Enhanced exosome secretion rates observed from tumor cells appear to be induced in response to changes in cell phenotypes (eg, elevated cytosolic DNA) and environmental conditions (eg, tissue hypoxia) that can also affect nonmalignant cells and tissues. It is less clear what specific processes regulate observed differences in the content of exosomes derived from malignant vs nonmalignant cells. Some of the enrichment observed in TDEs may reflect increased cellular abundance (eg, cytosolic DNA)99; other factors may be enriched due to a joint increase in their expression and the expression of their packaging factors (eg, miRNAs)94, 95, 96, 97; while the enrichment of others may be solely regulated by the overexpression of their specific packaging factors. Therapeutic approaches that target general exosome secretion pathways may not be feasible since most cells secrete exosomes and systemic suppression of exosome secretion may thus give rise to significant side effects. Better understanding of processes involved in packaging certain factors could uncover therapeutic targets that may give rise to fewer or less severe side effects. The following sections describe specific TDE‐regulated mechanisms that may offer better opportunities for therapeutic intervention.

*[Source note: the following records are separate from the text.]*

(* Let $A\in\mathbb{R}^{n\times n}$ be positive definite with $\operatorname{Tr}(A)=d_1>0$, and let $d_2>0$ be such that for every $x\in\mathbb{R}^n$ and every integer $1\le i\le n$ with $x_1+\cdots+x_i=1$ we have $x^TAx\ge 1/d_2$. Then for every $2$-wise independent family $\mathcal{H}$ from $[n]$ to $\{-1,1\}$, \[\mathbb{E}_{h\in\mathcal{H}}\left[\sup_{1\le i\le n}(h_1+\cdots+h_i)^2\right]\le d_1d_2.\]
   Context: A $k$-wise independent family from $[n]$ to $\{-1,1\}$ is a probability distribution $\mathcal{H}$ over functions $h:[n]\to\{-1,1\}$ such that for any $k$ distinct indices the values $h_{i_1},\dots,h_{i_k}$ (where $h_i:=h(i)$) are independent uniformly random signs; $h$ is viewed as the vector $(h_1,\dots,h_n)\in\mathbb{R}^n$. *)

theory Defs
  imports "HOL-Probability.Probability"
begin

text \<open>Matrices in R^(n x n) and vectors in R^n are represented as functions on
  natural-number indices; only the indices 1..n are meaningful.\<close>

definition quad_form :: "nat \<Rightarrow> (nat \<Rightarrow> nat \<Rightarrow> real) \<Rightarrow> (nat \<Rightarrow> real) \<Rightarrow> real" where
  "quad_form n A x = (\<Sum>i=1..n. \<Sum>j=1..n. x i * A i j * x j)"

definition trace_mat :: "nat \<Rightarrow> (nat \<Rightarrow> nat \<Rightarrow> real) \<Rightarrow> real" where
  "trace_mat n A = (\<Sum>i=1..n. A i i)"

definition pos_def_mat :: "nat \<Rightarrow> (nat \<Rightarrow> nat \<Rightarrow> real) \<Rightarrow> bool" where
  "pos_def_mat n A \<longleftrightarrow>
     (\<forall>i\<in>{1..n}. \<forall>j\<in>{1..n}. A i j = A j i) \<and>
     (\<forall>x. (\<exists>i\<in>{1..n}. x i \<noteq> 0) \<longrightarrow> quad_form n A x > 0)"

definition k_wise_indep :: "nat \<Rightarrow> nat \<Rightarrow> (nat \<Rightarrow> real) pmf \<Rightarrow> bool" where
  "k_wise_indep n k H \<longleftrightarrow>
     (\<forall>h\<in>set_pmf H. \<forall>i\<in>{1..n}. h i \<in> {-1, 1}) \<and>
     (\<forall>I. I \<subseteq> {1..n} \<longrightarrow> card I = k \<longrightarrow>
        (\<forall>s. (\<forall>i\<in>I. s i \<in> {-1, 1}) \<longrightarrow>
           measure_pmf.prob H {h. \<forall>i\<in>I. h i = s i} = 1 / 2 ^ k))"

end

theory Submission
  imports Defs
begin

text \<open>Write \<open>S\<^sub>i = h\<^sub>1 + \<dots> + h\<^sub>i\<close>. If \<open>S\<^sub>i \<noteq> 0\<close>, the hypothesis applied to \<open>h / S\<^sub>i\<close> gives
  \<open>S\<^sub>i\<^sup>2 \<le> d\<^sub>2 h\<^sup>T A h\<close>, so the supremum is at most \<open>d\<^sub>2 h\<^sup>T A h\<close> pointwise.
  Pairwise independence gives \<open>E[h\<^sub>i h\<^sub>j] = \<delta>\<^sub>i\<^sub>j\<close>, hence \<open>E[h\<^sup>T A h] = Tr A = d\<^sub>1\<close>.\<close>

lemma quad_form_scale: "quad_form n A (\<lambda>k. c * x k) = c\<^sup>2 * quad_form n A x"
  unfolding quad_form_def by (simp add: sum_distrib_left power2_eq_square ac_simps)

lemma pos_def_mat_quad_form_nonneg:
  assumes "pos_def_mat n A"
  shows "quad_form n A x \<ge> 0"
proof (cases "\<exists>i\<in>{1..n}. x i \<noteq> 0")
  case True
  then show ?thesis using assms unfolding pos_def_mat_def by (simp add: less_imp_le)
next
  case False
  then show ?thesis unfolding quad_form_def by simp
qed

lemma prefix_sum_sq_le_quad_form:
  fixes d2 :: real
  assumes normalized: "\<And>x. (\<Sum>k=1..i. x k) = 1 \<Longrightarrow> quad_form n A x \<ge> 1 / d2"
    and "d2 > 0" and "quad_form n A x \<ge> 0"
  shows "(\<Sum>k=1..i. x k)\<^sup>2 \<le> d2 * quad_form n A x"
proof -
  define S where "S = (\<Sum>k=1..i. x k)"
  show ?thesis
  proof (cases "S = 0")
    case True
    then show ?thesis using assms(2,3) by (simp add: S_def)
  next
    case False
    have "(\<Sum>k=1..i. inverse S * x k) = 1"
      using False by (simp add: S_def flip: sum_distrib_left)
    then have "1 / d2 \<le> (inverse S)\<^sup>2 * quad_form n A x"
      using normalized by (simp flip: quad_form_scale)
    then have "1 \<le> d2 * quad_form n A x / S\<^sup>2"
      using \<open>d2 > 0\<close> by (simp add: field_simps power_inverse)
    then have "S\<^sup>2 \<le> d2 * quad_form n A x"
      using False by (simp add: le_divide_eq)
    then show ?thesis by (simp add: S_def)
  qed
qed

lemma k_wise_indep_sign:
  assumes "k_wise_indep n k H" "h \<in> set_pmf H" "i \<in> {1..n}"
  shows "h i \<in> {-1, 1}"
  using assms unfolding k_wise_indep_def by blast

lemma k_wise_indep_2_prob_equal:
  assumes "k_wise_indep n 2 H" "i \<in> {1..n}" "j \<in> {1..n}" "i \<noteq> j" "c \<in> {-1, 1}"
  shows "measure_pmf.prob H {h. h i = c \<and> h j = c} = 1 / 4"
proof -
  have "{i, j} \<subseteq> {1..n}" "card {i, j} = 2"
    using assms(2-4) by auto
  moreover have "\<forall>k\<in>{i, j}. (\<lambda>_. c) k \<in> {-1, 1}"
    using assms(5) by simp
  ultimately have "measure_pmf.prob H {h. \<forall>k\<in>{i, j}. h k = c} = 1 / 2 ^ 2"
    using assms(1) unfolding k_wise_indep_def by presburger
  then show ?thesis by simp
qed

lemma k_wise_indep_2_integrable_prod:
  assumes "k_wise_indep n 2 H" "i \<in> {1..n}" "j \<in> {1..n}"
  shows "integrable H (\<lambda>h. h i * h j)"
proof (rule measure_pmf.integrable_const_bound)
  show "AE h in H. norm (h i * h j) \<le> 1"
    using k_wise_indep_sign[OF assms(1) _ assms(2)] k_wise_indep_sign[OF assms(1) _ assms(3)]
    by (fastforce simp: AE_measure_pmf_iff)
qed simp

lemma k_wise_indep_2_expectation_prod:
  assumes indep: "k_wise_indep n 2 H" and "i \<in> {1..n}" "j \<in> {1..n}"
  shows "measure_pmf.expectation H (\<lambda>h. h i * h j) = (if i = j then 1 else 0)"
proof -
  have signs: "h i \<in> {-1, 1}" "h j \<in> {-1, 1}" if "h \<in> set_pmf H" for h
    using k_wise_indep_sign[OF indep that] assms(2,3) by auto
  show ?thesis
  proof (cases "i = j")
    case True
    have "AE h in H. h i * h j = 1"
      unfolding AE_measure_pmf_iff using True signs by fastforce
    then have "measure_pmf.expectation H (\<lambda>h. h i * h j) = measure_pmf.expectation H (\<lambda>_. 1)"
      by (intro integral_cong_AE) simp_all
    then show ?thesis using True by simp
  next
    case False
    define P where "P = {h. h i = 1 \<and> h j = (1::real)}"
    define Q where "Q = {h. h i = -1 \<and> h j = (-1::real)}"
    have prod_eq: "AE h in H. h i * h j = 2 * indicator P h + 2 * indicator Q h - 1"
      unfolding AE_measure_pmf_iff
    proof
      fix h assume "h \<in> set_pmf H"
      then show "h i * h j = 2 * indicator P h + 2 * indicator Q h - 1"
        using signs[of h] by (auto simp: P_def Q_def)
    qed
    have "measure_pmf.expectation H (\<lambda>h. h i * h j)
        = measure_pmf.expectation H (\<lambda>h. 2 * indicator P h + 2 * indicator Q h - 1)"
      using prod_eq by (intro integral_cong_AE) simp_all
    also have "\<dots> = 2 * measure_pmf.prob H P + 2 * measure_pmf.prob H Q - 1"
    proof -
      have "integrable H (indicator S :: _ \<Rightarrow> real)" for S
        by (rule measure_pmf.integrable_const_bound[where B = 1]) (auto simp: indicator_def)
      then show ?thesis by simp
    qed
    also have "\<dots> = 0"
      using k_wise_indep_2_prob_equal[OF assms False, of 1] k_wise_indep_2_prob_equal[OF assms False, of "-1"]
      by (simp add: P_def Q_def)
    finally show ?thesis using False by simp
  qed
qed

lemma quad_form_eq_sum_prod:
  "quad_form n A h = (\<Sum>i=1..n. \<Sum>j=1..n. A i j * (h i * h j))"
  unfolding quad_form_def by (simp add: ac_simps)

lemma k_wise_indep_2_integrable_quad_form:
  assumes "k_wise_indep n 2 H"
  shows "integrable H (quad_form n A)"
  unfolding quad_form_eq_sum_prod
  using k_wise_indep_2_integrable_prod[OF assms]
  by (intro Bochner_Integration.integrable_sum integrable_mult_right) auto

lemma k_wise_indep_2_expectation_quad_form:
  assumes "k_wise_indep n 2 H"
  shows "measure_pmf.expectation H (quad_form n A) = trace_mat n A"
proof -
  have "measure_pmf.expectation H (quad_form n A)
      = (\<Sum>i=1..n. \<Sum>j=1..n. A i j * measure_pmf.expectation H (\<lambda>h. h i * h j))"
    unfolding quad_form_eq_sum_prod using k_wise_indep_2_integrable_prod[OF assms]
    by (subst Bochner_Integration.integral_sum)
      (auto intro!: sum.cong Bochner_Integration.integrable_sum)
  also have "\<dots> = (\<Sum>i=1..n. \<Sum>j=1..n. if i = j then A i j else 0)"
    using k_wise_indep_2_expectation_prod[OF assms] by (intro sum.cong refl) simp
  also have "\<dots> = trace_mat n A"
    unfolding trace_mat_def by simp
  finally show ?thesis .
qed

theorem lemma3p1:
  fixes n :: nat and A :: "nat \<Rightarrow> nat \<Rightarrow> real" and d1 d2 :: real
    and H :: "(nat \<Rightarrow> real) pmf"
  assumes "pos_def_mat n A"
    and "trace_mat n A = d1" and "d1 > 0"
    and "d2 > 0"
    and "\<And>x i. 1 \<le> i \<Longrightarrow> i \<le> n \<Longrightarrow> (\<Sum>k=1..i. x k) = 1 \<Longrightarrow> quad_form n A x \<ge> 1 / d2"
    and "k_wise_indep n 2 H"
  shows "measure_pmf.expectation H (\<lambda>h. Max ((\<lambda>i. (\<Sum>k=1..i. h k)\<^sup>2) ` {1..n})) \<le> d1 * d2"
proof -
  have "n \<ge> 1"
    using assms(2,3) by (cases n) (auto simp: trace_mat_def)
  have max_le: "Max ((\<lambda>i. (\<Sum>k=1..i. h k)\<^sup>2) ` {1..n}) \<le> d2 * quad_form n A h" for h
    using \<open>n \<ge> 1\<close> prefix_sum_sq_le_quad_form[OF assms(5) assms(4)
        pos_def_mat_quad_form_nonneg[OF assms(1)]]
    by (subst Max_le_iff) auto
  have "measure_pmf.expectation H (\<lambda>h. Max ((\<lambda>i. (\<Sum>k=1..i. h k)\<^sup>2) ` {1..n}))
      \<le> measure_pmf.expectation H (\<lambda>h. d2 * quad_form n A h)"
    using max_le assms(4) pos_def_mat_quad_form_nonneg[OF assms(1)]
      k_wise_indep_2_integrable_quad_form[OF assms(6)]
    \<comment> \<open>\<open>integral_mono_AE'\<close> needs integrability of the dominating side only\<close>
    by (intro integral_mono_AE') auto
  also have "\<dots> = d2 * d1"
    using k_wise_indep_2_expectation_quad_form[OF assms(6)] assms(2) by simp
  finally show ?thesis by (simp add: mult.commute)
qed

end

TDE‐INDUCED IMMUNE RESPONSES

Recognition of tumor antigens by the immune system is essential for effective antitumor responses, and T‐cells reactive against specific tumor antigen‐derived epitopes are present both in the circulation and at tumor sites.101 The ability of tumor epitopes to trigger successful cytotoxic T‐lymphocyte (CTL) responses in both in vitro studies and animal models has led to the rapid and successful translation of this information to clinical trials for various malignant diseases.102, 103 However, the ability of immune responses generated against such antigens to arrest tumor progression and prevent tumor recurrence can be restricted in some cancer patients.104 The underlying mechanisms for this discrepancy may vary depending on the nature of the tumor and the tumor microenvironment, and be regulated by editing of tumor antigens displayed in the initial and later stages of tumor development by the immune system.105 Effective treatments that can extend the utility of tumor antigens in cancer therapy are urgently needed to improve patient outcomes. TDEs are of interest due to recent research that implicates them in multiples mechanisms that can directly regulate antitumor or immune suppressive responses.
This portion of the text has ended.